Your instructions » Start at the line with "from \<open>C \<noteq>" in the records below, stop at the line with "then obtain I", and return every line in that span exactly, the two end lines included.
=== Begin Enclosure ===
(* Let $A$ be a partial ring and $a,b\in A$. If $D(b)\subseteq D(a)$, then there exists $k\in\mathbb{N}$ such that $b^k\in(a)$.
   Context: A partial ring is a set $A$ with $0$, a set $A_2\subseteq A\times A$ of summable pairs and a partial addition ($0$ a unit summable with everything; commutative; associative in the sense: $(a,b),(a+b,c)\in A_2$ iff $(b,c),(a,b+c)\in A_2$, and then $(a+b)+c=a+(b+c)$), with a commutative associative multiplication with unit $1$ such that $0\cdot a=0$ and $(a_1,a_2)\in A_2\Rightarrow(a_1x,a_2x)\in A_2$, $(a_1+a_2)x=a_1x+a_2x$. A tuple $(c_1,\dots,c_r)$ is summable if $c_1+\dots+c_r$ can be calculated in $A$. The ideal $(a)$ is $\{c_1a+\dots+c_ra: r\in\mathbb{N}, c_i\in A, (c_1a,\dots,c_ra)\text{ summable}\}$. A prime ideal is a subset $\mathfrak p\ne A$ containing $0$, closed under sums of summable pairs of its elements, with $A\mathfrak p\subseteq\mathfrak p$, and such that $xy\in\mathfrak p$ implies $x\in\mathfrak p$ or $y\in\mathfrak p$. $D(a)$ is the set of prime ideals $\mathfrak p$ with $a\notin\mathfrak p$. *)

theory Defs
  imports Main
begin

text \<open>A partial ring whose underlying set is the whole type 'a.
  summ x y means (x,y) is in A_2; padd is only meaningful on summable pairs.\<close>
record 'a pring =
  summ :: "'a \<Rightarrow> 'a \<Rightarrow> bool"
  padd :: "'a \<Rightarrow> 'a \<Rightarrow> 'a"
  pzero :: 'a
  pmul :: "'a \<Rightarrow> 'a \<Rightarrow> 'a"
  pone :: 'a

definition partial_ring :: "'a pring \<Rightarrow> bool" where
  "partial_ring R \<longleftrightarrow>
     (\<forall>a. summ R (pzero R) a \<and> summ R a (pzero R) \<and> padd R (pzero R) a = a \<and> padd R a (pzero R) = a) \<and>
     (\<forall>a b. summ R a b \<longrightarrow> summ R b a \<and> padd R a b = padd R b a) \<and>
     (\<forall>a b c. (summ R a b \<and> summ R (padd R a b) c) \<longleftrightarrow> (summ R b c \<and> summ R a (padd R b c))) \<and>
     (\<forall>a b c. summ R a b \<and> summ R (padd R a b) c \<longrightarrow>
               padd R (padd R a b) c = padd R a (padd R b c)) \<and>
     (\<forall>a b. pmul R a b = pmul R b a) \<and>
     (\<forall>a b c. pmul R (pmul R a b) c = pmul R a (pmul R b c)) \<and>
     (\<forall>a. pmul R (pone R) a = a) \<and>
     (\<forall>a. pmul R (pzero R) a = pzero R) \<and>
     (\<forall>a1 a2 x. summ R a1 a2 \<longrightarrow>
        summ R (pmul R a1 x) (pmul R a2 x) \<and>
        pmul R (padd R a1 a2) x = padd R (pmul R a1 x) (pmul R a2 x))"

fun summable_from :: "'a pring \<Rightarrow> 'a \<Rightarrow> 'a list \<Rightarrow> bool" where
  "summable_from R acc [] = True"
| "summable_from R acc (x # xs) = (summ R acc x \<and> summable_from R (padd R acc x) xs)"

definition tuple_summable :: "'a pring \<Rightarrow> 'a list \<Rightarrow> bool" where
  "tuple_summable R xs = summable_from R (pzero R) xs"

definition tuple_sum :: "'a pring \<Rightarrow> 'a list \<Rightarrow> 'a" where
  "tuple_sum R xs = foldl (padd R) (pzero R) xs"

definition principal_ideal :: "'a pring \<Rightarrow> 'a \<Rightarrow> 'a set" where
  "principal_ideal R a =
     {tuple_sum R (map (\<lambda>c. pmul R c a) cs) | cs. tuple_summable R (map (\<lambda>c. pmul R c a) cs)}"

definition prime_ideal :: "'a pring \<Rightarrow> 'a set \<Rightarrow> bool" where
  "prime_ideal R P \<longleftrightarrow>
     P \<noteq> UNIV \<and> pzero R \<in> P \<and>
     (\<forall>x\<in>P. \<forall>y\<in>P. summ R x y \<longrightarrow> padd R x y \<in> P) \<and>
     (\<forall>a. \<forall>x\<in>P. pmul R a x \<in> P) \<and>
     (\<forall>x y. pmul R x y \<in> P \<longrightarrow> x \<in> P \<or> y \<in> P)"

definition Dset :: "'a pring \<Rightarrow> 'a \<Rightarrow> 'a set set" where
  "Dset R a = {P. prime_ideal R P \<and> a \<notin> P}"

fun ppow :: "'a pring \<Rightarrow> 'a \<Rightarrow> nat \<Rightarrow> 'a" where
  "ppow R b 0 = pone R"
| "ppow R b (Suc k) = pmul R b (ppow R b k)"

end

theory Submission
  imports Defs
begin

text \<open>If no power of \<open>b\<close> lies in \<open>(a)\<close>, Zorn's lemma yields an ideal \<open>P \<supseteq> (a)\<close> maximal
  among the ideals avoiding the multiplicative set of powers of \<open>b\<close>. Such a \<open>P\<close> is prime: if
  \<open>xy \<in> P\<close> with \<open>x, y \<notin> P\<close>, the colon ideal \<open>(P : y)\<close> properly contains \<open>P\<close>, hence some
  \<open>b\<^sup>m y \<in> P\<close>; then \<open>(P : b\<^sup>m)\<close> contains \<open>y\<close>, hence some \<open>b\<^sup>n b\<^sup>m \<in> P\<close>. So \<open>P \<in> D(b)\<close> but
  \<open>P \<notin> D(a)\<close>.\<close>

locale partial_ring_context =
  fixes R :: "'a pring"
  assumes partial_ring: "partial_ring R"
begin

lemma summ_zero_left: "summ R (pzero R) x"
  and padd_zero_left: "padd R (pzero R) x = x"
  and padd_zero_right: "padd R x (pzero R) = x"
  using partial_ring unfolding partial_ring_def by auto

lemma summ_assoc_right_to_left:
  assumes "summ R y z" "summ R x (padd R y z)"
  shows "summ R x y" "summ R (padd R x y) z" "padd R (padd R x y) z = padd R x (padd R y z)"
  using assms partial_ring unfolding partial_ring_def by metis+

lemma pmul_commute: "pmul R x y = pmul R y x"
  and pmul_assoc: "pmul R (pmul R x y) z = pmul R x (pmul R y z)"
  and pmul_one_left: "pmul R (pone R) x = x"
  and pmul_zero_left: "pmul R (pzero R) x = pzero R"
  using partial_ring unfolding partial_ring_def by auto

lemma summ_pmul_right: "summ R x y \<Longrightarrow> summ R (pmul R x z) (pmul R y z)"
  and pmul_padd_distrib_right:
    "summ R x y \<Longrightarrow> pmul R (padd R x y) z = padd R (pmul R x z) (pmul R y z)"
  using partial_ring unfolding partial_ring_def by auto

lemma summable_from_append1:
  "summable_from R acc (xs @ [x]) \<longleftrightarrow> summable_from R acc xs \<and> summ R (foldl (padd R) acc xs) x"
  by (induction xs arbitrary: acc) auto

lemma tuple_summable_append:
  assumes "tuple_summable R xs" "tuple_summable R ys"
    and "summ R (tuple_sum R xs) (tuple_sum R ys)"
  shows "tuple_summable R (xs @ ys) \<and> tuple_sum R (xs @ ys) = padd R (tuple_sum R xs) (tuple_sum R ys)"
  using assms(2,3)
proof (induction ys rule: rev_induct)
  case Nil
  then show ?case
    using assms(1) by (simp add: tuple_sum_def padd_zero_right)
next
  case (snoc y ys)
  let ?s = "tuple_sum R xs" and ?t = "tuple_sum R ys"
  have ys: "tuple_summable R ys" "summ R ?t y"
    using snoc.prems(1) by (auto simp: tuple_summable_def tuple_sum_def summable_from_append1)
  have "summ R ?s (padd R ?t y)"
    using snoc.prems(2) by (simp add: tuple_sum_def)
  note assoc = summ_assoc_right_to_left[OF ys(2) this]
  show ?case
    using snoc.IH[OF ys(1) assoc(1)] assoc(2,3)
    by (simp add: tuple_summable_def tuple_sum_def summable_from_append1
        flip: append_assoc)
qed

lemma summable_from_map_pmul:
  "summable_from R acc xs \<Longrightarrow>
    summable_from R (pmul R acc z) (map (\<lambda>x. pmul R x z) xs) \<and>
    foldl (padd R) (pmul R acc z) (map (\<lambda>x. pmul R x z) xs) = pmul R (foldl (padd R) acc xs) z"
proof (induction xs arbitrary: acc)
  case Nil
  then show ?case by simp
next
  case (Cons x xs)
  then have "summ R acc x" and IH:
    "summable_from R (pmul R (padd R acc x) z) (map (\<lambda>x. pmul R x z) xs) \<and>
     foldl (padd R) (pmul R (padd R acc x) z) (map (\<lambda>x. pmul R x z) xs) =
       pmul R (foldl (padd R) (padd R acc x) xs) z"
    by auto
  then show ?case
    by (simp add: summ_pmul_right flip: pmul_padd_distrib_right)
qed

lemma tuple_summable_map_pmul:
  "tuple_summable R xs \<Longrightarrow>
    tuple_summable R (map (\<lambda>x. pmul R x z) xs) \<and>
    tuple_sum R (map (\<lambda>x. pmul R x z) xs) = pmul R (tuple_sum R xs) z"
  using summable_from_map_pmul[of "pzero R" xs z]
  by (simp add: tuple_summable_def tuple_sum_def pmul_zero_left)

lemma ppow_add: "ppow R b (m + n) = pmul R (ppow R b m) (ppow R b n)"
  by (induction m) (auto simp: pmul_one_left pmul_assoc)

lemma ppow_1: "ppow R b 1 = b"
  using pmul_commute[of b "pone R"] by (simp add: pmul_one_left)

definition ideal :: "'a set \<Rightarrow> bool" where
  "ideal I \<longleftrightarrow> pzero R \<in> I \<and> (\<forall>x\<in>I. \<forall>y\<in>I. summ R x y \<longrightarrow> padd R x y \<in> I) \<and>
     (\<forall>r. \<forall>x\<in>I. pmul R r x \<in> I)"

lemma prime_ideal_iff:
  "prime_ideal R P \<longleftrightarrow> ideal P \<and> P \<noteq> UNIV \<and> (\<forall>x y. pmul R x y \<in> P \<longrightarrow> x \<in> P \<or> y \<in> P)"
  unfolding prime_ideal_def ideal_def by blast

lemma principal_ideal_iff:
  "x \<in> principal_ideal R a \<longleftrightarrow>
     (\<exists>cs. tuple_summable R (map (\<lambda>c. pmul R c a) cs) \<and> x = tuple_sum R (map (\<lambda>c. pmul R c a) cs))"
  unfolding principal_ideal_def by blast

lemma mem_principal_ideal_self: "a \<in> principal_ideal R a"
  unfolding principal_ideal_iff
  by (rule exI[of _ "[pone R]"])
    (simp add: tuple_sum_def tuple_summable_def summ_zero_left padd_zero_left pmul_one_left)

lemma ideal_principal_ideal: "ideal (principal_ideal R a)"
  unfolding ideal_def
proof (intro conjI ballI allI impI)
  show "pzero R \<in> principal_ideal R a"
    unfolding principal_ideal_iff
    by (rule exI[of _ "[]"]) (simp add: tuple_sum_def tuple_summable_def)
next
  fix x y assume "x \<in> principal_ideal R a" "y \<in> principal_ideal R a" and "summ R x y"
  then obtain cs ds where
    "tuple_summable R (map (\<lambda>c. pmul R c a) cs)" "x = tuple_sum R (map (\<lambda>c. pmul R c a) cs)"
    "tuple_summable R (map (\<lambda>c. pmul R c a) ds)" "y = tuple_sum R (map (\<lambda>c. pmul R c a) ds)"
    unfolding principal_ideal_iff by blast
  with \<open>summ R x y\<close> show "padd R x y \<in> principal_ideal R a"
    using tuple_summable_append[of "map (\<lambda>c. pmul R c a) cs" "map (\<lambda>c. pmul R c a) ds"]
    unfolding principal_ideal_iff by (intro exI[of _ "cs @ ds"]) simp
next
  fix r x assume "x \<in> principal_ideal R a"
  then obtain cs where
    cs: "tuple_summable R (map (\<lambda>c. pmul R c a) cs)" "x = tuple_sum R (map (\<lambda>c. pmul R c a) cs)"
    unfolding principal_ideal_iff by blast
  have "map (\<lambda>c. pmul R c a) (map (pmul R r) cs) = map (\<lambda>y. pmul R y r) (map (\<lambda>c. pmul R c a) cs)"
    by (simp add: pmul_assoc) (metis pmul_assoc pmul_commute)
  with tuple_summable_map_pmul[OF cs(1), of r] cs(2)
  have "pmul R x r \<in> principal_ideal R a"
    unfolding principal_ideal_iff by (intro exI[of _ "map (pmul R r) cs"]) (simp del: map_map)
  then show "pmul R r x \<in> principal_ideal R a"
    by (simp add: pmul_commute)
qed

lemma ideal_colon: "ideal I \<Longrightarrow> ideal {x. pmul R x w \<in> I}"
  unfolding ideal_def
  by (simp add: pmul_zero_left pmul_assoc summ_pmul_right pmul_padd_distrib_right)

lemma ideal_subset_colon: "ideal I \<Longrightarrow> I \<subseteq> {x. pmul R x w \<in> I}"
  unfolding ideal_def by (auto simp: pmul_commute[of _ w])

lemma ideal_Union_chain:
  assumes "C \<noteq> {}" "subset.chain {I. ideal I} C"
  shows "ideal (\<Union>C)"
proof -
  have ideals: "\<And>I. I \<in> C \<Longrightarrow> ideal I"
    and comparable: "\<And>I J. I \<in> C \<Longrightarrow> J \<in> C \<Longrightarrow> I \<subseteq> J \<or> J \<subseteq> I"
    using assms(2) unfolding subset_chain_def by auto
  show ?thesis
    unfolding ideal_def
  proof (intro conjI ballI allI impI)
    from \<open>C \<noteq> {}\<close> obtain I where "I \<in> C" by blast
    with ideals show "pzero R \<in> \<Union>C"
      unfolding ideal_def by blast
  next
    fix x y assume "x \<in> \<Union>C" "y \<in> \<Union>C" "summ R x y"
    then obtain I J where "I \<in> C" "J \<in> C" "x \<in> I" "y \<in> J" by blast
    with comparable obtain K where "K \<in> C" "x \<in> K" "y \<in> K" by blast
    with ideals \<open>summ R x y\<close> show "padd R x y \<in> \<Union>C"
      unfolding ideal_def by blast
  next
    fix r x assume "x \<in> \<Union>C"
    with ideals show "pmul R r x \<in> \<Union>C"
      unfolding ideal_def by blast
  qed
qed

lemma exists_maximal_ideal_disjoint:
  assumes "ideal I" "I \<inter> S = {}"
  obtains P where "ideal P" "I \<subseteq> P" "P \<inter> S = {}"
    and "\<And>J. ideal J \<Longrightarrow> P \<subseteq> J \<Longrightarrow> J \<inter> S = {} \<Longrightarrow> J = P"
proof -
  let ?F = "{J. ideal J \<and> I \<subseteq> J \<and> J \<inter> S = {}}"
  have "\<Union>C \<in> ?F" if "C \<noteq> {}" "subset.chain ?F C" for C
  proof -
    have "C \<subseteq> ?F"
      using that(2) unfolding subset_chain_def by blast
    then have "subset.chain {I. ideal I} C"
      using that(2) unfolding subset_chain_def by blast
    with \<open>C \<subseteq> ?F\<close> \<open>C \<noteq> {}\<close> show ?thesis
      using ideal_Union_chain by auto
  qed
  moreover have "?F \<noteq> {}"
    using assms by blast
  ultimately obtain P where "P \<in> ?F" "\<forall>J\<in>?F. P \<subseteq> J \<longrightarrow> J = P"
    using subset_Zorn_nonempty[of ?F] by blast
  then show thesis
    by (intro that) auto
qed

lemma maximal_ideal_disjoint_is_prime:
  assumes "ideal P" "P \<inter> S = {}" "S \<noteq> {}"
    and mult_closed: "\<And>s t. s \<in> S \<Longrightarrow> t \<in> S \<Longrightarrow> pmul R s t \<in> S"
    and maximal: "\<And>J. ideal J \<Longrightarrow> P \<subseteq> J \<Longrightarrow> J \<inter> S = {} \<Longrightarrow> J = P"
  shows "prime_ideal R P"
proof -
  have colon_meets: "\<exists>s\<in>S. pmul R s w \<in> P" if "z \<notin> P" "pmul R z w \<in> P" for z w
  proof (rule ccontr)
    assume "\<not> (\<exists>s\<in>S. pmul R s w \<in> P)"
    then have "{x. pmul R x w \<in> P} = P"
      using ideal_colon ideal_subset_colon \<open>ideal P\<close> by (intro maximal) auto
    with that show False by blast
  qed
  show ?thesis
    unfolding prime_ideal_iff
  proof (intro conjI allI impI)
    show "ideal P" by fact
    show "P \<noteq> UNIV"
      using assms(2,3) by blast
    fix x y assume "pmul R x y \<in> P"
    show "x \<in> P \<or> y \<in> P"
    proof (rule ccontr)
      assume "\<not> (x \<in> P \<or> y \<in> P)"
      then have "x \<notin> P" "y \<notin> P" by auto
      obtain s where "s \<in> S" "pmul R s y \<in> P"
        using colon_meets[OF \<open>x \<notin> P\<close> \<open>pmul R x y \<in> P\<close>] by blast
      then have "pmul R y s \<in> P"
        by (simp add: pmul_commute)
      then obtain t where "t \<in> S" "pmul R t s \<in> P"
        using colon_meets[OF \<open>y \<notin> P\<close>] by blast
      with \<open>s \<in> S\<close> mult_closed \<open>P \<inter> S = {}\<close> show False by blast
    qed
  qed
qed

end

theorem mainTheorem18:
  fixes R :: "'a pring" and a b :: 'a
  assumes "partial_ring R"
    and "Dset R b \<subseteq> Dset R a"
  shows "\<exists>k::nat. ppow R b k \<in> principal_ideal R a"
proof (rule ccontr)
  interpret partial_ring_context R by (standard, fact assms(1))
  let ?S = "range (ppow R b)"
  assume "\<not> (\<exists>k. ppow R b k \<in> principal_ideal R a)"
  then have "principal_ideal R a \<inter> ?S = {}" by blast
  then obtain P where P: "ideal P" "principal_ideal R a \<subseteq> P" "P \<inter> ?S = {}"
    and maximal: "\<And>J. ideal J \<Longrightarrow> P \<subseteq> J \<Longrightarrow> J \<inter> ?S = {} \<Longrightarrow> J = P"
    using exists_maximal_ideal_disjoint[OF ideal_principal_ideal] by blast
  have "\<And>s t. s \<in> ?S \<Longrightarrow> t \<in> ?S \<Longrightarrow> pmul R s t \<in> ?S"
    by (auto simp flip: ppow_add)
  with P maximal have "prime_ideal R P"
    by (intro maximal_ideal_disjoint_is_prime) auto
  moreover have "b \<notin> P"
    using P(3) ppow_1[of b] by (metis disjoint_iff rangeI)
  ultimately have "P \<in> Dset R a"
    using assms(2) unfolding Dset_def by blast
  with P(2) show False
    using mem_principal_ideal_self unfolding Dset_def by blast
qed

end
=== End Enclosure ===
Output for this task »
    from \<open>C \<noteq> {}\<close> obtain I where "I \<in> C" by blast
    with ideals show "pzero R \<in> \<Union>C"
      unfolding ideal_def by blast
  next
    fix x y assume "x \<in> \<Union>C" "y \<in> \<Union>C" "summ R x y"
    then obtain I J where "I \<in> C" "J \<in> C" "x \<in> I" "y \<in> J" by blast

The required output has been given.